→ **Problem description**: Copy word for word the lines from the start of the records through the line that contains "Kb * (\<integral>x.", both included.

→ **The data**:
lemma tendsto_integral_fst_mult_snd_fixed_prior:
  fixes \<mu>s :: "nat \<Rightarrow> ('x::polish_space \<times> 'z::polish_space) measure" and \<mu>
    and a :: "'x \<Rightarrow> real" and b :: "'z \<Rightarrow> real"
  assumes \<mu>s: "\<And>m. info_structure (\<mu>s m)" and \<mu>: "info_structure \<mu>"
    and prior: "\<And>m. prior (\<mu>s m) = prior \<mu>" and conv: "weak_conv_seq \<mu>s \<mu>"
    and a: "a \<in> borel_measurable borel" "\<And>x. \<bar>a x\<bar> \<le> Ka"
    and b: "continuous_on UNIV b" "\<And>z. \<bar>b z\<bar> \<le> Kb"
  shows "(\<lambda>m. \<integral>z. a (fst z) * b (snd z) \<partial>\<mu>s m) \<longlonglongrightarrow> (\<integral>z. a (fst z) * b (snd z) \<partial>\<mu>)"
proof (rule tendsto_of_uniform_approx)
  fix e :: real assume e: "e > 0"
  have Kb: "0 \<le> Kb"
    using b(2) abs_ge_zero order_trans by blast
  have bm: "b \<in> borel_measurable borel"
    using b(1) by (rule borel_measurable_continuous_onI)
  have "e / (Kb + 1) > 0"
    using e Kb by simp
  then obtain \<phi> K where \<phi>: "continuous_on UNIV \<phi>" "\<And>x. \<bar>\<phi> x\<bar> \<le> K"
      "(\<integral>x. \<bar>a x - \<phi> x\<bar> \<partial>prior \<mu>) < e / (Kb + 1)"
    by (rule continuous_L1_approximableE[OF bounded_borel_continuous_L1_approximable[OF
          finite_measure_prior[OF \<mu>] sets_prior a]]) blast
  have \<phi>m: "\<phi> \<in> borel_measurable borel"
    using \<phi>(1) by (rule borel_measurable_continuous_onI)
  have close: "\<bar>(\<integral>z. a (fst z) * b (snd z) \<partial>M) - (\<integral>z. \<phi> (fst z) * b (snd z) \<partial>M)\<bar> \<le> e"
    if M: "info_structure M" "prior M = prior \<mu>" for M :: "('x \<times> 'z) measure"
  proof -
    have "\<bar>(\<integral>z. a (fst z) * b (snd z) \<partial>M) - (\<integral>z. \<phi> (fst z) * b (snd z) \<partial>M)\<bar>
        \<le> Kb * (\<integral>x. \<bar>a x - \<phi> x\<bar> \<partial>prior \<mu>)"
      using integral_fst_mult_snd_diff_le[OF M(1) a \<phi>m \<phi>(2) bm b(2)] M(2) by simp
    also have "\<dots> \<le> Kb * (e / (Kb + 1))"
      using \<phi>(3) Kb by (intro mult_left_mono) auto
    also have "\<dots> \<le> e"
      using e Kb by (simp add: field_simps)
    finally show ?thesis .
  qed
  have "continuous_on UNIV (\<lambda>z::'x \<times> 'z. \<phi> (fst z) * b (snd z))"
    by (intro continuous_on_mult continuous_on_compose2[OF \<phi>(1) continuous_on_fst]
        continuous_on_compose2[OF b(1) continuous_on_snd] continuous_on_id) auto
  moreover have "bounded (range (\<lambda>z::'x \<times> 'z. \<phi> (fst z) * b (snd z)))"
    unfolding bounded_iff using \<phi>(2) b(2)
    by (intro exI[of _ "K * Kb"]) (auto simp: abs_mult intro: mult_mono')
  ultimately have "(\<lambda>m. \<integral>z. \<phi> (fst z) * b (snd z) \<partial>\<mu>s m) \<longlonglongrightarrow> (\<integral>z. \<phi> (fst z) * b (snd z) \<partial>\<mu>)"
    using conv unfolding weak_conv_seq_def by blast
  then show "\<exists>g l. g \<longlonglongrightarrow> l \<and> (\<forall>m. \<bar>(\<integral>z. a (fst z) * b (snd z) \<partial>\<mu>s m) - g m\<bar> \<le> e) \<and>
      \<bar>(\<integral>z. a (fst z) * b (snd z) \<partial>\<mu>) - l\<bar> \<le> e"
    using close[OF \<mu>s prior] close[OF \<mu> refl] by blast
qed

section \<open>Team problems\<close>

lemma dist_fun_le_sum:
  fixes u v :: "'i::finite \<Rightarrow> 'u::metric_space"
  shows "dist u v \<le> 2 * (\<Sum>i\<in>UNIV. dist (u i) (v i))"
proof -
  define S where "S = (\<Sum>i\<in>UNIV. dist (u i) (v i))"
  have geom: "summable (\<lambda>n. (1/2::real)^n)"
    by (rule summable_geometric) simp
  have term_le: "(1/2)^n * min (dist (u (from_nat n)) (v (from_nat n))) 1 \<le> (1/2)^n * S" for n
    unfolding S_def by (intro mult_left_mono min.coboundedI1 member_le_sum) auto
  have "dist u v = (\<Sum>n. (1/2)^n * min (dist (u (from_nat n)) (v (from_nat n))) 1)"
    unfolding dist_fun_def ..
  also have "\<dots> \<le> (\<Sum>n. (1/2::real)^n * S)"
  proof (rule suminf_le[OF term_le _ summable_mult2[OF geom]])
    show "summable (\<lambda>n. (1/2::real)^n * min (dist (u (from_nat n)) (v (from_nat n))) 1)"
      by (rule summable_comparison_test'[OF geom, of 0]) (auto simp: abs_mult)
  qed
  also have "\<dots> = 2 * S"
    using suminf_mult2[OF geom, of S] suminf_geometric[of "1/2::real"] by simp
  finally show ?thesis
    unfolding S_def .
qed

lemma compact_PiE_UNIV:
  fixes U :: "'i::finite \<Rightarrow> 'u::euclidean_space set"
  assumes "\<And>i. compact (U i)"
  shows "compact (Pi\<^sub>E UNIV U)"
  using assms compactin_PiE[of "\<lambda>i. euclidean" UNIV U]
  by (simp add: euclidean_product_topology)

→ **Task result**:
lemma tendsto_integral_fst_mult_snd_fixed_prior:
  fixes \<mu>s :: "nat \<Rightarrow> ('x::polish_space \<times> 'z::polish_space) measure" and \<mu>
    and a :: "'x \<Rightarrow> real" and b :: "'z \<Rightarrow> real"
  assumes \<mu>s: "\<And>m. info_structure (\<mu>s m)" and \<mu>: "info_structure \<mu>"
    and prior: "\<And>m. prior (\<mu>s m) = prior \<mu>" and conv: "weak_conv_seq \<mu>s \<mu>"
    and a: "a \<in> borel_measurable borel" "\<And>x. \<bar>a x\<bar> \<le> Ka"
    and b: "continuous_on UNIV b" "\<And>z. \<bar>b z\<bar> \<le> Kb"
  shows "(\<lambda>m. \<integral>z. a (fst z) * b (snd z) \<partial>\<mu>s m) \<longlonglongrightarrow> (\<integral>z. a (fst z) * b (snd z) \<partial>\<mu>)"
proof (rule tendsto_of_uniform_approx)
  fix e :: real assume e: "e > 0"
  have Kb: "0 \<le> Kb"
    using b(2) abs_ge_zero order_trans by blast
  have bm: "b \<in> borel_measurable borel"
    using b(1) by (rule borel_measurable_continuous_onI)
  have "e / (Kb + 1) > 0"
    using e Kb by simp
  then obtain \<phi> K where \<phi>: "continuous_on UNIV \<phi>" "\<And>x. \<bar>\<phi> x\<bar> \<le> K"
      "(\<integral>x. \<bar>a x - \<phi> x\<bar> \<partial>prior \<mu>) < e / (Kb + 1)"
    by (rule continuous_L1_approximableE[OF bounded_borel_continuous_L1_approximable[OF
          finite_measure_prior[OF \<mu>] sets_prior a]]) blast
  have \<phi>m: "\<phi> \<in> borel_measurable borel"
    using \<phi>(1) by (rule borel_measurable_continuous_onI)
  have close: "\<bar>(\<integral>z. a (fst z) * b (snd z) \<partial>M) - (\<integral>z. \<phi> (fst z) * b (snd z) \<partial>M)\<bar> \<le> e"
    if M: "info_structure M" "prior M = prior \<mu>" for M :: "('x \<times> 'z) measure"
  proof -
    have "\<bar>(\<integral>z. a (fst z) * b (snd z) \<partial>M) - (\<integral>z. \<phi> (fst z) * b (snd z) \<partial>M)\<bar>
        \<le> Kb * (\<integral>x. \<bar>a x - \<phi> x\<bar> \<partial>prior \<mu>)"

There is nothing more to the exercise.